Exercise:
Each line starting at the one that contains "using k by simp" and ending at the one that contains "V j \<longrightarrow>" must be returned exactly, and the rest of the listing is left out.
[[ Data supplied, beginning ]]
(* Let $v_1,\ldots,v_r\in\mathbb{Z}^n$ with $\sum_i v_i=0$ and $\mathbf{a}\in\mathbb{Z}^r$ be such that $P=\bigcap_i\{x:\langle v_i,x\rangle+a_i\ge 0\}$ is compact and each hyperplane $\{\langle v_i,x\rangle+a_i=0\}$ meets $P$. Then for every $x\in L$, \[ \lim_{k\to\infty}\frac{\phi_{k\mathbf{a}}(km_{\mathbf{a}})}{\phi_{k\mathbf{a}}(km_{\mathbf{a}}+\sqrt{k}x)}=e^{-\frac12\sum_{i\in I_{\mathbf{a}}}\frac{\langle v_i,x\rangle^2}{\langle v_i,m_{\mathbf{a}}\rangle+a_i}}. \] Moreover, for every $0<c<\frac16$ there are constants $C>0$ and $K$ such that for all integers $k\ge K$ and all $x\in L$ with $|x|<k^c$, \[ \left|\frac{\phi_{k\mathbf{a}}(km_{\mathbf{a}})}{\phi_{k\mathbf{a}}(km_{\mathbf{a}}+\sqrt{k}x)}\sqrt{\prod_{i\in I_{\mathbf{a}}}\frac{\langle v_i,km_{\mathbf{a}}\rangle+ka_i}{\langle v_i,km_{\mathbf{a}}+\sqrt{k}x\rangle+ka_i}}-e^{-\frac12\sum_{i\in I_{\mathbf{a}}}\frac{\langle v_i,x\rangle^2}{\langle v_i,m_{\mathbf{a}}\rangle+a_i}}\right|\le C\,e^{-\frac12\sum_{i\in I_{\mathbf{a}}}\frac{\langle v_i,x\rangle^2}{\langle v_i,m_{\mathbf{a}}\rangle+a_i}}\,k^{3c-\frac12}. \]
   Context: $L$ is the linear subspace of $\mathbb{R}^n$ spanned by all differences of points of $P$. $I_{\mathbf{a}}$ is the set of indices $i$ such that $\langle v_i,\cdot\rangle$ is not constant on $P$. For an integer $k\ge1$, $\phi_{k\mathbf{a}}$ is defined on $kP$ by $\phi_{k\mathbf{a}}(y)=\prod_{i=1}^r(\langle v_i,y\rangle+ka_i)^{\langle v_i,y\rangle+ka_i}$ with $0^0=1$; $\phi_{\mathbf{a}}$ is the case $k=1$. $m_{\mathbf{a}}$ is the unique minimizer of $\phi_{\mathbf{a}}$ on $P$; it lies in the relative interior of $P$, so $\langle v_i,m_{\mathbf{a}}\rangle+a_i>0$ for $i\in I_{\mathbf{a}}$, and for fixed $x\in L$ the point $km_{\mathbf{a}}+\sqrt{k}x$ lies in $kP$ for all sufficiently large $k$. *)

theory Defs
  imports "HOL-Analysis.Analysis"
begin

text \<open>Data: vectors v 0, ..., v (r-1) in Z^n (as real^'n with integer entries),
  and a :: nat => int giving a_0, ..., a_(r-1).\<close>

definition polP :: "(nat \<Rightarrow> real^'n) \<Rightarrow> (nat \<Rightarrow> int) \<Rightarrow> nat \<Rightarrow> (real^'n) set" where
  "polP v a r = {x. \<forall>i<r. v i \<bullet> x + of_int (a i) \<ge> 0}"

definition linL :: "(nat \<Rightarrow> real^'n) \<Rightarrow> (nat \<Rightarrow> int) \<Rightarrow> nat \<Rightarrow> (real^'n) set" where
  "linL v a r = span {x - y | x y. x \<in> polP v a r \<and> y \<in> polP v a r}"

definition Ia :: "(nat \<Rightarrow> real^'n) \<Rightarrow> (nat \<Rightarrow> int) \<Rightarrow> nat \<Rightarrow> nat set" where
  "Ia v a r = {i. i < r \<and> \<not> (\<exists>c. \<forall>x\<in>polP v a r. v i \<bullet> x = c)}"

definition selfpow :: "real \<Rightarrow> real" where
  "selfpow t = (if t = 0 then 1 else t powr t)"
definition lep :: "pint \<Rightarrow> int" where "lep I = Min I"
definition rep :: "pint \<Rightarrow> int" where "rep I = Max I"

definition strictly_inside :: "pint \<Rightarrow> pint \<Rightarrow> bool" where
  "strictly_inside I' I \<longleftrightarrow> I' \<subseteq> I \<and> {lep I, rep I} \<inter> I' = {}"

definition well_ordered :: "triple \<Rightarrow> bool" where
  "well_ordered t = (case t of (I, H, L) \<Rightarrow>
     pseudo_interval I \<and> pseudo_interval H \<and> pseudo_interval L \<and>
     I \<noteq> {} \<and> lep I < rep I \<and>
     H \<noteq> {} \<and> lep H < rep H \<and>
     strictly_inside H I \<and> strictly_inside L I \<and>
     H \<inter> L = {})"

definition preceq :: "triple \<Rightarrow> triple \<Rightarrow> bool" where
  "preceq t t' = (case t of (I, H, L) \<Rightarrow> case t' of (I', H', L') \<Rightarrow>
     t = t' \<or> I' \<subseteq> H \<or> (I = I' \<and> H = H' \<and> L = {}) \<or>
     (I = I' \<and> H = H' \<and> L \<noteq> {} \<and> L' \<noteq> {} \<and> rep L < lep L'))"

definition prec :: "triple \<Rightarrow> triple \<Rightarrow> bool" where
  "prec t t' \<longleftrightarrow> preceq t t' \<and> t \<noteq> t'"

text \<open>The string A = A_1 ... A_n is a list; A_i is A ! (i - 1).\<close>
definition chr :: "'a list \<Rightarrow> int \<Rightarrow> 'a" where
  "chr A i = A ! (nat i - 1)"

definition fstI :: "triple \<Rightarrow> pint" where "fstI t = fst t"
definition sndH :: "triple \<Rightarrow> pint" where "sndH t = fst (snd t)"
definition thdL :: "triple \<Rightarrow> pint" where "thdL t = snd (snd t)"

definition vertices :: "'a list \<Rightarrow> ('a \<times> 'a) set \<Rightarrow> nat \<Rightarrow> triple list set" where
  "vertices A R B = {xs. 1 \<le> length xs \<and> length xs \<le> B \<and>
     (\<forall>j < length xs. well_ordered (xs ! j)) \<and>
     (\<forall>j < length xs. fstI (xs ! j) \<subseteq> {0..int (length A) + 1} \<and>
                      sndH (xs ! j) \<subseteq> {1..int (length A)} \<and>
                      thdL (xs ! j) \<subseteq> {1..int (length A)}) \<and>
     (\<forall>j < length xs. (chr A (lep (sndH (xs ! j))), chr A (rep (sndH (xs ! j)))) \<in> R) \<and>
     (\<forall>j < length xs. thdL (xs ! j) \<noteq> {} \<longrightarrow>
          (chr A (lep (thdL (xs ! j))), chr A (rep (thdL (xs ! j)))) \<in> R) \<and>
     (\<forall>j j'. j < j' \<and> j' < length xs \<longrightarrow> fstI (xs ! j') \<subseteq> thdL (xs ! j))}"

definition lex_less :: "triple list \<Rightarrow> triple list \<Rightarrow> bool" where
  "lex_less v v' \<longleftrightarrow>
     (length v < length v' \<and> v = take (length v) v') \<or>
     (\<exists>j < min (length v) (length v'). take j v = take j v' \<and> v ! j \<noteq> v' ! j \<and>
        prec (v ! j) (v' ! j))"

definition edges :: "'a list \<Rightarrow> ('a \<times> 'a) set \<Rightarrow> nat \<Rightarrow> (triple list \<times> triple list) set" where
  "edges A R B = {(v, v'). v \<in> vertices A R B \<and> v' \<in> vertices A R B \<and> lex_less v v'}"

definition Vminus :: "'a list \<Rightarrow> ('a \<times> 'a) set \<Rightarrow> nat \<Rightarrow> triple list \<Rightarrow> triple list set" where
  "Vminus A R B v = {u \<in> vertices A R B. (u, v) \<in> edges A R B}"

definition Vplus :: "'a list \<Rightarrow> ('a \<times> 'a) set \<Rightarrow> nat \<Rightarrow> triple list \<Rightarrow> triple list set" where
  "Vplus A R B v = {u \<in> vertices A R B. (v, u) \<in> edges A R B}"

definition endpoint_of :: "int \<Rightarrow> pint \<Rightarrow> bool" where
  "endpoint_of i X \<longleftrightarrow> X \<noteq> {} \<and> (i = lep X \<or> i = rep X)"

definition Sset :: "'a list \<Rightarrow> ('a \<times> 'a) set \<Rightarrow> nat \<Rightarrow> int \<Rightarrow> triple list set" where
  "Sset A R B i = {xs \<in> vertices A R B. \<exists>j < length xs.
      endpoint_of i (fstI (xs ! j)) \<or> endpoint_of i (sndH (xs ! j)) \<or> endpoint_of i (thdL (xs ! j))}"

end

theory Submission imports Defs begin

text \<open>A vertex is a chain I_1 \<supseteq> L_1 \<supseteq> I_2 \<supseteq> ... \<supseteq> L_k of intervals, each H_j \<subseteq> I_j being
  disjoint from L_j. Let i be an endpoint of none of them. At the first position where a
  lexicographically smaller vertex having i as an endpoint differs from v, the precedence relation
  forces i either to leave the chain right after some L_(j-1), or to lie in I_j \ (H_j \<union> L_j) to
  the left of L_j. A larger such vertex forces i to lie in L_k, or in I_j \ L_j inside H_j, or to
  the right of L_j, or with L_j empty. The level j with i \<in> I_j \ L_j is unique and the L_j are
  nested, so these positions are incompatible. Hence a vertex with members of S_i on both sides
  lies in S_i itself, and the indices counted in the second claim are endpoints of the at most 3B
  intervals of v.\<close>

definition triple_endpoint :: "int \<Rightarrow> triple \<Rightarrow> bool" where
  "triple_endpoint i t \<longleftrightarrow>
     endpoint_of i (fstI t) \<or> endpoint_of i (sndH t) \<or> endpoint_of i (thdL t)"

definition has_endpoint :: "int \<Rightarrow> triple list \<Rightarrow> bool" where
  "has_endpoint i v \<longleftrightarrow> (\<exists>j<length v. triple_endpoint i (v ! j))"

lemma Sset_eq: "Sset A R B i = {v \<in> vertices A R B. has_endpoint i v}"
  unfolding Sset_def has_endpoint_def triple_endpoint_def by blast

lemma pseudo_interval_finite: "pseudo_interval X \<Longrightarrow> finite X"
  unfolding pseudo_interval_def is_interval_def by auto

lemma endpoint_of_mem: "finite X \<Longrightarrow> endpoint_of i X \<Longrightarrow> i \<in> X"
  unfolding endpoint_of_def lep_def rep_def using Min_in Max_in by blast

lemma endpoint_of_subset:
  assumes "X \<subseteq> Y" "finite Y" "i \<in> X" "endpoint_of i Y"
  shows "endpoint_of i X"
proof -
  have X: "finite X" "X \<noteq> {}" using assms finite_subset by auto
  have "Min Y \<le> Min X" "Max X \<le> Max Y"
    using assms(1,2) X(2) by (auto intro: Min_antimono Max_mono)
  moreover have "Min X \<le> i" "i \<le> Max X" using X(1) assms(3) by auto
  moreover have "i = Min Y \<or> i = Max Y" using assms(4) unfolding endpoint_of_def lep_def rep_def by blast
  ultimately have "i = Min X \<or> i = Max X" by linarith
  then show ?thesis using X(2) unfolding endpoint_of_def lep_def rep_def by blast
qed

lemma lep_le_rep: "finite X \<Longrightarrow> X \<noteq> {} \<Longrightarrow> lep X \<le> rep X"
  unfolding lep_def rep_def using Min_in Max_ge by blast

lemma well_orderedD:
  assumes "well_ordered t"
  shows "finite (fstI t)" "finite (sndH t)" "finite (thdL t)"
    "sndH t \<subseteq> fstI t" "thdL t \<subseteq> fstI t" "sndH t \<inter> thdL t = {}"
    "lep (fstI t) \<notin> sndH t" "rep (fstI t) \<notin> sndH t"
  using assms pseudo_interval_finite
  unfolding well_ordered_def fstI_def sndH_def thdL_def strictly_inside_def
  by (auto split: prod.splits)
(* Under the uniform random scheduler, the expected running time of Protocol 1 (2-Slot protocol) on $n$ nodes, started with one node in $L_0$ and the others in $F$, until the leader's component spans all $n$ nodes is $O(\log n)$ parallel time (i.e. $O(n\log n)$ interactions).
   Context: Network constructor model: $n$ nodes, every pair may interact; each node pair has an edge state in $\{0,1\}$, initially $0$. At each step the uniform random scheduler picks an unordered pair of nodes uniformly at random among all $n(n-1)/2$ pairs, independently of the past, and updates the pair according to the transition rules (either ordering); unlisted triples are unchanged. Parallel time is the number of steps divided by $n$. Protocol 1 (2-Slot protocol): $Q=\{F,L_0,L_1,L_2,O_0,O_1,O_2\}$, rules $(L_0,F,0)\to(L_1,O_0,1)$, $(L_1,F,0)\to(L_2,O_0,1)$, $(O_0,F,0)\to(O_1,O_0,1)$, $(O_1,F,0)\to(O_2,O_0,1)$; the node moving from $F$ to $O_0$ becomes a child of the other node, and the leader's component is the set of nodes connected to the leader by active edges. *)

theory Defs
  imports "HOL-Probability.Probability"
begin

datatype state = F | L0 | L1 | L2 | O0 | O1 | O2

text \<open>Transition rules on an ordered triple (state of first node, state of second node,
  edge state); None means the triple is not listed (no change).\<close>
fun delta :: "state \<Rightarrow> state \<Rightarrow> bool \<Rightarrow> (state \<times> state \<times> bool) option" where
  "delta L0 F False = Some (L1, O0, True)"
| "delta L1 F False = Some (L2, O0, True)"
| "delta O0 F False = Some (O1, O0, True)"
| "delta O1 F False = Some (O2, O0, True)"
| "delta _ _ _ = None"
lemma M_morphism_indicator_morphism:
  assumes A: "closedin (T 0) A" "openin (T 0) A" "upset (T 0) (le 0) A"
    and V: "\<And>l. l \<in> {1..n} \<Longrightarrow> closedin (T l) (V l) \<and> openin (T l) (V l)"
    and V_increasing: "mutually_increasing T le lejk 1 n V"
  shows "M_morphism n T g le lejk (indicator_morphism T g A V)"
  unfolding M_morphism_def
proof (intro conjI allI impI ballI)
  fix k assume "k \<le> n"
  then show "continuous_map (T k) (discrete_topology (Msort k)) (indicator_morphism T g A V)"
    using A V by (intro indicator_morphism_continuous) auto
next
  fix k x assume "k \<in> {1..n}" "x \<in> topspace (T k)"
  then show "indicator_morphism T g A V (g k x) = gM (indicator_morphism T g A V x)"
    by (simp add: indicator_morphism_sort0[OF ms] indicator_morphism_sort[OF ms] mstructure_g_in[OF ms])
next
  fix k x y assume k: "k \<le> n" and x: "x \<in> topspace (T k)" and y: "y \<in> topspace (T k)"
    and xy: "le k x y"
  show "leM k (indicator_morphism T g A V x) (indicator_morphism T g A V y)"
  proof (cases "k = 0")
    case True
    then have "x \<in> A \<longrightarrow> y \<in> A" using A(3) y xy by (auto simp: upset_def)
    then show ?thesis
      using True x y by (simp add: indicator_morphism_sort0[OF ms] leM_indicator_sort0)
  next
    case False
    then have k1: "k \<in> {1..n}" using k by simp
    have "x \<in> V k \<longrightarrow> y \<in> V k"
      using mutually_increasingD[OF V_increasing, of k k x y] k1 y xy by (simp add: rel2_def)
    then show ?thesis
      using k1 x y condition_A2[OF k1 x y xy]
      by (simp add: indicator_morphism_sort[OF ms] leM_indicator_sort)
  qed
next
  fix j k x y assume jk: "1 \<le> j \<and> j < k \<and> k \<le> n" and x: "x \<in> topspace (T j)"
    and y: "y \<in> topspace (T k)" and xy: "lejk j k x y"
  have "x \<in> V j \<longrightarrow> y \<in> V k"
    using mutually_increasingD[OF V_increasing, of j k x y] jk y xy by (simp add: rel2_def)
  then show "lejkM j k (indicator_morphism T g A V x) (indicator_morphism T g A V y)"
    using jk x y condition_A3[of j k x y] xy
      indicator_morphism_sort[OF ms, of j x] indicator_morphism_sort[OF ms, of k y]
    by (simp add: lejkM_indicator_sort)
qed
[[ Data supplied, end ]]
Output for this task:
    then have k1: "k \<in> {1..n}" using k by simp
    have "x \<in> V k \<longrightarrow> y \<in> V k"
      using mutually_increasingD[OF V_increasing, of k k x y] k1 y xy by (simp add: rel2_def)
    then show ?thesis
      using k1 x y condition_A2[OF k1 x y xy]
      by (simp add: indicator_morphism_sort[OF ms] leM_indicator_sort)
  qed
next
  fix j k x y assume jk: "1 \<le> j \<and> j < k \<and> k \<le> n" and x: "x \<in> topspace (T j)"
    and y: "y \<in> topspace (T k)" and xy: "lejk j k x y"
  have "x \<in> V j \<longrightarrow> y \<in> V k"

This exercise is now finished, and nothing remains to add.